La temporalidad avanza imparable hasta alcanzar ya al 23,4% de los asalariados||Los activos han caído en Asturias en 21.500 personas impulsando así la caída interanual del paro y situando la tasa de actividad en el 50%

El desánimo en la búsqueda activa de empleo y el efecto de la emigración laboral relega a Asturias al último puesto del panorama autonómico en niveles de actividad. Esta situación exige reforzar políticas activas de empleo entre los parados de larga duración, primer empleo y los más jóvenes.

El año 2015 comienza su andadura del primer trimestre con un descenso del paro estimado por la EPA de 22.100 personas en Asturias, lo que nos sitúa como la autonomía con mayor caída. Lamentablemente, este comportamiento no se traduce en un avance de la ocupación en la misma intensidad, pues ésta apenas varía en un 0,2% (700 ocupados más) sino que ha venido impulsado por un intenso retroceso de la población activa.

Los activos han caído en Asturias en 21.500 personas impulsando así la caída interanual del paro y situando la tasa de actividad en el 50%, a más de 9 puntos por debajo de la media nacional y al furgón de cola autonómico.

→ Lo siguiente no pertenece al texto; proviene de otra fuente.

(* Let $G_{20}$ be the graph with vertex set $\mathbb{Z}_{18}\cup\{x,y_0,y_1\}$ in which the vertices of $\mathbb{Z}_{18}$ form a clique, $x$ is adjacent to every element of $\mathbb{Z}_{18}$, $y_0$ is adjacent to exactly the even elements of $\mathbb{Z}_{18}$, $y_1$ to exactly the odd elements, and there are no edges among $x,y_0,y_1$. Consider the cyclic sequences $$L_0=(2, 7, 12, 16, 4, 6, 13, 10, y, 8, 9, 17, x, 1, 5, 3, 14, 11, 15),$$ $$L_1=(11, 13, 6, 2, 14, 12, 7, 9, 16, 10, y, 8, 3, 4, 17, x, 1, 15, 5),$$ $$L_2=(5, 16, 13, 14, 17, x, 1, 10, y, 8, 6, 15, 4, 7, 3, 9, 12, 2, 11).$$ For $\gamma\in\mathbb{Z}_{18}$, let the rotation at $\gamma$ be obtained from $L_{\gamma\bmod 3}$ by adding $\gamma$ (mod 18) to each numerical entry, leaving $x$ unchanged and replacing $y$ by $y_{\gamma \bmod 2}$. Then there exist rotations at $x$, $y_0$, $y_1$ such that the resulting rotation system is a triangular embedding of $G_{20}$ in the orientable surface $S_{22}$ of genus $22$.
   Context: A rotation system on a simple graph assigns to each vertex a cyclic ordering of its neighbors and determines a cellular orientable embedding. An embedding is triangular if every face is a triangle. $S_k$ denotes the orientable surface of genus $k$. *)

theory Defs
  imports Main
begin

text \<open>A rotation system assigns to each vertex a list, read cyclically,
that enumerates each neighbour exactly once.\<close>

definition is_rotation_system ::
  "'v set \<Rightarrow> ('v \<Rightarrow> 'v \<Rightarrow> bool) \<Rightarrow> ('v \<Rightarrow> 'v list) \<Rightarrow> bool" where
  "is_rotation_system V adj rho \<longleftrightarrow>
     (\<forall>v\<in>V. distinct (rho v) \<and> set (rho v) = {u\<in>V. adj v u})"

definition cyc_succ :: "'v list \<Rightarrow> 'v \<Rightarrow> 'v" where
  "cyc_succ xs a = the (map_of (zip xs (rotate1 xs)) a)"

definition darts :: "'v set \<Rightarrow> ('v \<Rightarrow> 'v \<Rightarrow> bool) \<Rightarrow> ('v \<times> 'v) set" where
  "darts V adj = {(u,v). u \<in> V \<and> v \<in> V \<and> adj u v}"

definition face_step :: "('v \<Rightarrow> 'v list) \<Rightarrow> 'v \<times> 'v \<Rightarrow> 'v \<times> 'v" where
  "face_step rho d = (snd d, cyc_succ (rho (snd d)) (fst d))"

definition face_of :: "('v \<Rightarrow> 'v list) \<Rightarrow> 'v \<times> 'v \<Rightarrow> ('v \<times> 'v) set" where
  "face_of rho d = {(face_step rho ^^ n) d | n. True}"

definition faces :: "'v set \<Rightarrow> ('v \<Rightarrow> 'v \<Rightarrow> bool) \<Rightarrow> ('v \<Rightarrow> 'v list) \<Rightarrow> ('v \<times> 'v) set set" where
  "faces V adj rho = face_of rho ` darts V adj"

definition triangular :: "'v set \<Rightarrow> ('v \<Rightarrow> 'v \<Rightarrow> bool) \<Rightarrow> ('v \<Rightarrow> 'v list) \<Rightarrow> bool" where
  "triangular V adj rho \<longleftrightarrow> (\<forall>F\<in>faces V adj rho. card F = 3)"

definition num_edges :: "'v set \<Rightarrow> ('v \<Rightarrow> 'v \<Rightarrow> bool) \<Rightarrow> nat" where
  "num_edges V adj = card (darts V adj) div 2"

text \<open>Genus of the orientable surface of the cellular embedding given by the rotation
system, via Euler's formula  V - E + F = 2 - 2g  (the graph is connected).\<close>
definition embedding_genus :: "'v set \<Rightarrow> ('v \<Rightarrow> 'v \<Rightarrow> bool) \<Rightarrow> ('v \<Rightarrow> 'v list) \<Rightarrow> int" where
  "embedding_genus V adj rho =
     (2 - int (card V) + int (num_edges V adj) - int (card (faces V adj rho))) div 2"

datatype vtx = Z nat | X | Y nat  \<comment> \<open>Z k for k in Z_18, X = x, Y 0 = y_0, Y 1 = y_1\<close>

definition G20_V :: "vtx set" where
  "G20_V = Z ` {0..<18} \<union> {X, Y 0, Y 1}"

fun G20_adj :: "vtx \<Rightarrow> vtx \<Rightarrow> bool" where
  "G20_adj (Z a) (Z b) = (a \<noteq> b)"
| "G20_adj (Z a) X = True"
| "G20_adj X (Z a) = True"
| "G20_adj (Z a) (Y i) = (a mod 2 = i)"
| "G20_adj (Y i) (Z a) = (a mod 2 = i)"
| "G20_adj _ _ = False"

datatype entry = N nat | Ex_x | Ey_y

definition L0 :: "entry list" where
  "L0 = [N 2, N 7, N 12, N 16, N 4, N 6, N 13, N 10, Ey_y, N 8, N 9, N 17, Ex_x, N 1, N 5, N 3, N 14, N 11, N 15]"
definition L1 :: "entry list" where
  "L1 = [N 11, N 13, N 6, N 2, N 14, N 12, N 7, N 9, N 16, N 10, Ey_y, N 8, N 3, N 4, N 17, Ex_x, N 1, N 15, N 5]"
definition L2 :: "entry list" where
  "L2 = [N 5, N 16, N 13, N 14, N 17, Ex_x, N 1, N 10, Ey_y, N 8, N 6, N 15, N 4, N 7, N 3, N 9, N 12, N 2, N 11]"

fun shift_entry :: "nat \<Rightarrow> entry \<Rightarrow> vtx" where
  "shift_entry g (N k) = Z ((k + g) mod 18)"
| "shift_entry g Ex_x = X"
| "shift_entry g Ey_y = Y (g mod 2)"

definition base_list :: "nat \<Rightarrow> entry list" where
  "base_list g = (if g mod 3 = 0 then L0 else if g mod 3 = 1 then L1 else L2)"

definition rot_Z :: "nat \<Rightarrow> vtx list" where
  "rot_Z g = map (shift_entry g) (base_list g)"

fun G20_rot :: "vtx list \<Rightarrow> vtx list \<Rightarrow> vtx list \<Rightarrow> vtx \<Rightarrow> vtx list" where
  "G20_rot rx ry0 ry1 (Z g) = rot_Z g"
| "G20_rot rx ry0 ry1 X = rx"
| "G20_rot rx ry0 ry1 (Y i) = (if i = 0 then ry0 else ry1)"

end

theory Submission
  imports Defs
begin

text \<open>Face tracing is a permutation of the darts. If every orbit of it has exactly three
darts, every face is a triangle and there are exactly |darts|/3 faces. For the rotation system
of G20, completed by the rotations below at x, y_0, y_1, this is a finite check over its 378
darts; Euler's formula with V = 21, E = 189, F = 126 then gives genus (2 - 21 + 189 - 126)/2 = 22.\<close>

lemma cyc_succ_in_set:
  assumes "a \<in> set xs"
  shows "cyc_succ xs a \<in> set xs"
proof -
  obtain b where b: "map_of (zip xs (rotate1 xs)) a = Some b"
    using assms map_of_zip_is_Some[of xs "rotate1 xs" a] by auto
  then have "(a, b) \<in> set (zip xs (rotate1 xs))"
    by (rule map_of_SomeD)
  then have "b \<in> set xs"
    using set_zip_rightD by fastforce
  with b show ?thesis
    by (simp add: cyc_succ_def)
qed

lemma face_step_in_darts:
  assumes rot: "is_rotation_system V adj rho"
    and sym: "\<And>u v. adj u v \<Longrightarrow> adj v u"
    and d: "d \<in> darts V adj"
  shows "face_step rho d \<in> darts V adj"
proof -
  obtain u v where uv: "d = (u, v)" "u \<in> V" "v \<in> V" "adj u v"
    using d by (auto simp: darts_def)
  have "u \<in> set (rho v)"
    using rot uv sym by (auto simp: is_rotation_system_def)
  then have "cyc_succ (rho v) u \<in> set (rho v)"
    by (rule cyc_succ_in_set)
  then show ?thesis
    using rot uv by (auto simp: is_rotation_system_def darts_def face_step_def)
qed

lemma face_of_eq_if_period_3:
  assumes "(face_step rho ^^ 3) d = d"
  shows "face_of rho d = {d, face_step rho d, face_step rho (face_step rho d)}"
proof -
  let ?f = "face_step rho"
  let ?T = "{d, ?f d, ?f (?f d)}"
  have "?f (?f (?f d)) = d"
    using assms by (simp add: numeral_3_eq_3)
  then have "(?f ^^ n) d \<in> ?T" for n
    by (induction n) auto
  moreover have "d = (?f ^^ 0) d" "?f d = (?f ^^ 1) d" "?f (?f d) = (?f ^^ 2) d"
    by (simp_all add: numeral_2_eq_2)
  ultimately show ?thesis
    unfolding face_of_def by blast
qed

lemma card_eq_3_mult_card_orbits:
  fixes f :: "'a \<Rightarrow> 'a"
  defines "orb \<equiv> \<lambda>d. {d, f d, f (f d)}"
  assumes "finite D"
    and closed: "\<And>d. d \<in> D \<Longrightarrow> f d \<in> D"
    and period: "\<And>d. d \<in> D \<Longrightarrow> f (f (f d)) = d"
    and three: "\<And>d. d \<in> D \<Longrightarrow> card (orb d) = 3"
  shows "card D = 3 * card (orb ` D)"
proof -
  have orb_eq: "orb x = orb d" if "d \<in> D" "x \<in> orb d" for x d
    using that period[of d] arg_cong[OF period[of d], of f] unfolding orb_def by auto
  have cover: "\<Union> (orb ` D) = D"
    using closed unfolding orb_def by blast
  have "pairwise disjnt (orb ` D)"
    unfolding pairwise_def disjnt_def using orb_eq by blast
  then have "card (\<Union> (orb ` D)) = sum card (orb ` D)"
    by (rule card_Union_disjoint) (auto simp: orb_def)
  also have "\<dots> = (\<Sum>_\<in>orb ` D. 3)"
    using three by (intro sum.cong) auto
  also have "\<dots> = 3 * card (orb ` D)"
    by simp
  finally show ?thesis
    using cover by simp
qed

lemma triangular_if_face_step_period_3:
  fixes rho :: "'v \<Rightarrow> 'v list"
  assumes rot: "is_rotation_system V adj rho"
    and sym: "\<And>u v. adj u v \<Longrightarrow> adj v u"
    and "finite V"
    and orbits: "\<forall>d\<in>darts V adj. let f = face_step rho in
                   f (f (f d)) = d \<and> distinct [d, f d, f (f d)]"
  shows "triangular V adj rho"
    and "card (darts V adj) = 3 * card (faces V adj rho)"
proof -
  let ?f = "face_step rho"
  let ?orb = "\<lambda>d. {d, ?f d, ?f (?f d)}"
  have period: "?f (?f (?f d)) = d" and three: "card (?orb d) = 3"
    if "d \<in> darts V adj" for d
    using orbits that by (auto simp: Let_def card_insert_if)
  have faces_eq: "faces V adj rho = ?orb ` darts V adj"
    unfolding faces_def
    using period by (intro image_cong refl face_of_eq_if_period_3) (simp add: numeral_3_eq_3)
  show "triangular V adj rho"
    unfolding triangular_def faces_eq using three by auto
  have "finite (darts V adj)"
    using \<open>finite V\<close> finite_subset[of "darts V adj" "V \<times> V"] by (auto simp: darts_def)
  then show "card (darts V adj) = 3 * card (faces V adj rho)"
    unfolding faces_eq
    using face_step_in_darts[OF rot sym] period three by (rule card_eq_3_mult_card_orbits)
qed

definition rot_x :: "vtx list" where
  "rot_x = map Z [0, 17, 16, 15, 14, 13, 12, 11, 10, 9, 8, 7, 6, 5, 4, 3, 2, 1]"

definition rot_y0 :: "vtx list" where
  "rot_y0 = map Z [0, 10, 2, 12, 4, 14, 6, 16, 8]"

definition rot_y1 :: "vtx list" where
  "rot_y1 = map Z [1, 11, 3, 13, 5, 15, 7, 17, 9]"

definition G20_vertices :: "vtx list" where
  "G20_vertices = map Z [0, 1, 2, 3, 4, 5, 6, 7, 8, 9, 10, 11, 12, 13, 14, 15, 16, 17] @ [X, Y 0, Y 1]"

lemma G20_V_eq: "G20_V = set G20_vertices"
  unfolding G20_V_def G20_vertices_def by code_simp

lemma distinct_G20_vertices: "distinct G20_vertices"
  by (simp add: G20_vertices_def)

lemma card_G20_V: "card G20_V = 21"
  using distinct_G20_vertices by (simp add: G20_V_eq distinct_card G20_vertices_def)

lemma G20_darts_eq:
  "darts G20_V G20_adj = set (filter (case_prod G20_adj) (List.product G20_vertices G20_vertices))"
  unfolding darts_def G20_V_eq by auto

lemma card_G20_darts: "card (darts G20_V G20_adj) = 378"
proof -
  have "distinct (filter (case_prod G20_adj) (List.product G20_vertices G20_vertices))"
    using distinct_G20_vertices by (intro distinct_filter distinct_product)
  moreover have "length (filter (case_prod G20_adj) (List.product G20_vertices G20_vertices)) = 378"
    by (simp add: G20_vertices_def)
  ultimately show ?thesis
    unfolding G20_darts_eq by (simp only: distinct_card)
qed

lemma G20_adj_sym: "G20_adj u v \<Longrightarrow> G20_adj v u"
  by (cases u; cases v) auto

lemma rot_Z_values:
  "rot_Z 0 = [Z 2, Z 7, Z 12, Z 16, Z 4, Z 6, Z 13, Z 10, Y 0, Z 8, Z 9, Z 17, X, Z 1, Z 5, Z 3, Z 14, Z 11, Z 15]"
  "rot_Z 1 = [Z 12, Z 14, Z 7, Z 3, Z 15, Z 13, Z 8, Z 10, Z 17, Z 11, Y 1, Z 9, Z 4, Z 5, Z 0, X, Z 2, Z 16, Z 6]"
  "rot_Z 2 = [Z 7, Z 0, Z 15, Z 16, Z 1, X, Z 3, Z 12, Y 0, Z 10, Z 8, Z 17, Z 6, Z 9, Z 5, Z 11, Z 14, Z 4, Z 13]"
  "rot_Z 3 = [Z 5, Z 10, Z 15, Z 1, Z 7, Z 9, Z 16, Z 13, Y 1, Z 11, Z 12, Z 2, X, Z 4, Z 8, Z 6, Z 17, Z 14, Z 0]"
  "rot_Z 4 = [Z 15, Z 17, Z 10, Z 6, Z 0, Z 16, Z 11, Z 13, Z 2, Z 14, Y 0, Z 12, Z 7, Z 8, Z 3, X, Z 5, Z 1, Z 9]"
  "rot_Z 5 = [Z 10, Z 3, Z 0, Z 1, Z 4, X, Z 6, Z 15, Y 1, Z 13, Z 11, Z 2, Z 9, Z 12, Z 8, Z 14, Z 17, Z 7, Z 16]"
  "rot_Z 6 = [Z 8, Z 13, Z 0, Z 4, Z 10, Z 12, Z 1, Z 16, Y 0, Z 14, Z 15, Z 5, X, Z 7, Z 11, Z 9, Z 2, Z 17, Z 3]"
  "rot_Z 7 = [Z 0, Z 2, Z 13, Z 9, Z 3, Z 1, Z 14, Z 16, Z 5, Z 17, Y 1, Z 15, Z 10, Z 11, Z 6, X, Z 8, Z 4, Z 12]"
  "rot_Z 8 = [Z 13, Z 6, Z 3, Z 4, Z 7, X, Z 9, Z 0, Y 0, Z 16, Z 14, Z 5, Z 12, Z 15, Z 11, Z 17, Z 2, Z 10, Z 1]"
  "rot_Z 9 = [Z 11, Z 16, Z 3, Z 7, Z 13, Z 15, Z 4, Z 1, Y 1, Z 17, Z 0, Z 8, X, Z 10, Z 14, Z 12, Z 5, Z 2, Z 6]"
  "rot_Z 10 = [Z 3, Z 5, Z 16, Z 12, Z 6, Z 4, Z 17, Z 1, Z 8, Z 2, Y 0, Z 0, Z 13, Z 14, Z 9, X, Z 11, Z 7, Z 15]"
  "rot_Z 11 = [Z 16, Z 9, Z 6, Z 7, Z 10, X, Z 12, Z 3, Y 1, Z 1, Z 17, Z 8, Z 15, Z 0, Z 14, Z 2, Z 5, Z 13, Z 4]"
  "rot_Z 12 = [Z 14, Z 1, Z 6, Z 10, Z 16, Z 0, Z 7, Z 4, Y 0, Z 2, Z 3, Z 11, X, Z 13, Z 17, Z 15, Z 8, Z 5, Z 9]"
  "rot_Z 13 = [Z 6, Z 8, Z 1, Z 15, Z 9, Z 7, Z 2, Z 4, Z 11, Z 5, Y 1, Z 3, Z 16, Z 17, Z 12, X, Z 14, Z 10, Z 0]"
  "rot_Z 14 = [Z 1, Z 12, Z 9, Z 10, Z 13, X, Z 15, Z 6, Y 0, Z 4, Z 2, Z 11, Z 0, Z 3, Z 17, Z 5, Z 8, Z 16, Z 7]"
  "rot_Z 15 = [Z 17, Z 4, Z 9, Z 13, Z 1, Z 3, Z 10, Z 7, Y 1, Z 5, Z 6, Z 14, X, Z 16, Z 2, Z 0, Z 11, Z 8, Z 12]"
  "rot_Z 16 = [Z 9, Z 11, Z 4, Z 0, Z 12, Z 10, Z 5, Z 7, Z 14, Z 8, Y 0, Z 6, Z 1, Z 2, Z 15, X, Z 17, Z 13, Z 3]"
  "rot_Z 17 = [Z 4, Z 15, Z 12, Z 13, Z 16, X, Z 0, Z 9, Y 1, Z 7, Z 5, Z 14, Z 3, Z 6, Z 2, Z 8, Z 11, Z 1, Z 10]"
  by (simp_all add: rot_Z_def base_list_def L0_def L1_def L2_def)

text \<open>Simp normalises \<open>1 :: nat\<close> to \<open>Suc 0\<close>, so rewrite rules about concrete
rotations must do so too.\<close>

lemmas G20_rotations =
  rot_Z_values[unfolded One_nat_def]
  rot_x_def[unfolded list.map One_nat_def]
  rot_y0_def[unfolded list.map]
  rot_y1_def[unfolded list.map One_nat_def]

lemma G20_rotation_system: "is_rotation_system G20_V G20_adj (G20_rot rot_x rot_y0 rot_y1)"
  unfolding is_rotation_system_def G20_V_eq
  by (simp add: G20_vertices_def G20_rotations; safe; simp)

lemma cyc_succ_eq_map_of:
  "xs = x # ys \<Longrightarrow> cyc_succ xs = (\<lambda>a. the (map_of (zip (x # ys) (ys @ [x])) a))"
  by (simp add: cyc_succ_def fun_eq_iff)

text \<open>Successor tables of all rotations, computed once so that face tracing below only
performs look-ups.\<close>

lemmas G20_succ_tables =
  G20_rotations[THEN cyc_succ_eq_map_of, unfolded append_Cons append_Nil zip_Cons_Cons zip_Nil]

lemma G20_face_step_period_3:
  "\<forall>d\<in>darts G20_V G20_adj. let f = face_step (G20_rot rot_x rot_y0 rot_y1) in
     f (f (f d)) = d \<and> distinct [d, f d, f (f d)]"
  unfolding G20_darts_eq
  by (simp add: G20_vertices_def face_step_def G20_succ_tables Let_def)

theorem mainTheorem3:
  shows "\<exists>rx ry0 ry1.
     is_rotation_system G20_V G20_adj (G20_rot rx ry0 ry1) \<and>
     triangular G20_V G20_adj (G20_rot rx ry0 ry1) \<and>
     embedding_genus G20_V G20_adj (G20_rot rx ry0 ry1) = 22"
proof (intro exI conjI)
  let ?rho = "G20_rot rot_x rot_y0 rot_y1"
  have "finite G20_V"
    by (simp add: G20_V_eq)
  note triangulation =
    triangular_if_face_step_period_3[OF G20_rotation_system G20_adj_sym this G20_face_step_period_3]
  show "is_rotation_system G20_V G20_adj ?rho"
    by (rule G20_rotation_system)
  show "triangular G20_V G20_adj ?rho"
    by (rule triangulation(1))
  have "card (faces G20_V G20_adj ?rho) = 126"
    using triangulation(2) by (simp add: card_G20_darts)
  then show "embedding_genus G20_V G20_adj ?rho = 22"
    by (simp add: embedding_genus_def num_edges_def card_G20_V card_G20_darts)
qed

end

El efecto de la caída demográfica, la emigración laboral y el abandono de la búsqueda activa de empleo ante el desánimo son factores que influyen en este proceso y que afectan en mayor medida a colectivos como los parados de larga duración y los más jóvenes que buscan fuera de nuestras fronteras una oportunidad laboral.

Hay que destacar como dato positivo el comportamiento del empleo y del paro entre los sectores de la construcción y la industria donde las caídas del paro proceden de un impulso del empleo, así como el hecho de que nuestra tasa de paro (19%) se mantenga por debajo de los nieves en el conjunto nacional (23,8%).

Por otro lado las tasas de paro entre los más jóvenes continúan situándose a niveles inaceptables del 44% y el paro continúa haciéndose crónico entre determinados colectivos que junto a de los más jóvenes se sitúan los parados de larga duración o mayores de 45 años que en muchos caso carecen de prestación alguna frente al desempleo.

Además se debe poner el acento en la mala calidad del empleo, caracterizado por la temporalidad, la contratación a tiempo parcial y los bajos salarios, que han disparado las tasas de pobreza hasta el punto de que tener un empleo ya no es garantía de escapar del umbral de pobreza. La temporalidad avanza imparable hasta alcanzar ya al 23,4% de los asalariados (0,1 puntos más que hace un año).

Desde UGT insistimos en la necesidad de reforzar políticas activas para el sector industrial y para atender al colectivo de parados más damnificados por la crisis como son los jóvenes, larga duración y mayores de 45 años y ante el preocupante empobrecimiento de los trabajadores continuamos reivindicando la importancia de la negociación colectiva como instrumento clave para recuperar los salarios y el empleo de calidad, y así impulsar una recuperación económica basada en un modelo de crecimiento sostenible.